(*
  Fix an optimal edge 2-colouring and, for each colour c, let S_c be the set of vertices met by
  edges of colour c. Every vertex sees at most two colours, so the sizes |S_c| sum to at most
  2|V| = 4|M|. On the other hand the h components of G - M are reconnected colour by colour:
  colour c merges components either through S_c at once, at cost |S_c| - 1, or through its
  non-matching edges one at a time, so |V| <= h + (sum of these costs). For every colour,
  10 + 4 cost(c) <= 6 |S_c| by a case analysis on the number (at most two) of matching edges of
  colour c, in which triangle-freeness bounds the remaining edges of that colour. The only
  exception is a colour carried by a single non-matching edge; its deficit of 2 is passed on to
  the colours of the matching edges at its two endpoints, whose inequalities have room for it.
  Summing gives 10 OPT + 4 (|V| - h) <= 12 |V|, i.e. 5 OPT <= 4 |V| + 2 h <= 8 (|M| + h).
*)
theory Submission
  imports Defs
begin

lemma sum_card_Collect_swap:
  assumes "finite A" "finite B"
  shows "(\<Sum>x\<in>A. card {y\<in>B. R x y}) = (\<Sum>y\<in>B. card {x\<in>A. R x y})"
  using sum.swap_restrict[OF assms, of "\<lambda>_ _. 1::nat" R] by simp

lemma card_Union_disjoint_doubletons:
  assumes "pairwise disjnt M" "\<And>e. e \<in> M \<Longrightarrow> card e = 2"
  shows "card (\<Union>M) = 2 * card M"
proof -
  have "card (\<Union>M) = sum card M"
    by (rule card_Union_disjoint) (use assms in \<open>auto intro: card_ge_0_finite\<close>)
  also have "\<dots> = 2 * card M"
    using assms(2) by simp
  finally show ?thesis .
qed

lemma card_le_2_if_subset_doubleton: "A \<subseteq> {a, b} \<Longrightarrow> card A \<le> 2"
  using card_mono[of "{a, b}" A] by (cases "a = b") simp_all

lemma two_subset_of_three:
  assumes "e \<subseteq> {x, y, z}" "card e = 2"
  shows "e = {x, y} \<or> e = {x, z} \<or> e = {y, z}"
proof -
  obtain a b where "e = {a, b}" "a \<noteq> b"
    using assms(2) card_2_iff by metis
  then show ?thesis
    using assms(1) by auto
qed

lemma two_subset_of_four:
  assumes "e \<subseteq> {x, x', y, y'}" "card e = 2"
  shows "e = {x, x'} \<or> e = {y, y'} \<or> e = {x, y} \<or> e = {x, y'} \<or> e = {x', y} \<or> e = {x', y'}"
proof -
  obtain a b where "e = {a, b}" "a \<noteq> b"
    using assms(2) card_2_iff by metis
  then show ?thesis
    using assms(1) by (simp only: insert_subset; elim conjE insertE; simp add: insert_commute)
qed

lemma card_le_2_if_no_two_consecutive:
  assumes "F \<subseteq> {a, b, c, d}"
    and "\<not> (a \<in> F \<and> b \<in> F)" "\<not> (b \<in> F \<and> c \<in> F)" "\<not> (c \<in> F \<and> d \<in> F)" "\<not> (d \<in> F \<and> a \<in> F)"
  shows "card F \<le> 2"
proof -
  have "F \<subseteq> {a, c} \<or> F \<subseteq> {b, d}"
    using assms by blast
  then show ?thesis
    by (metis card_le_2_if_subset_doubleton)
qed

^^^^^^^^

AIM OF THE TASK:
The answer must be every line of the records that holds the string "only".

ANSWER BOX:
  colour c, in which triangle-freeness bounds the remaining edges of that colour. The only
    using assms(1) by (simp only: insert_subset; elim conjE insertE; simp add: insert_commute)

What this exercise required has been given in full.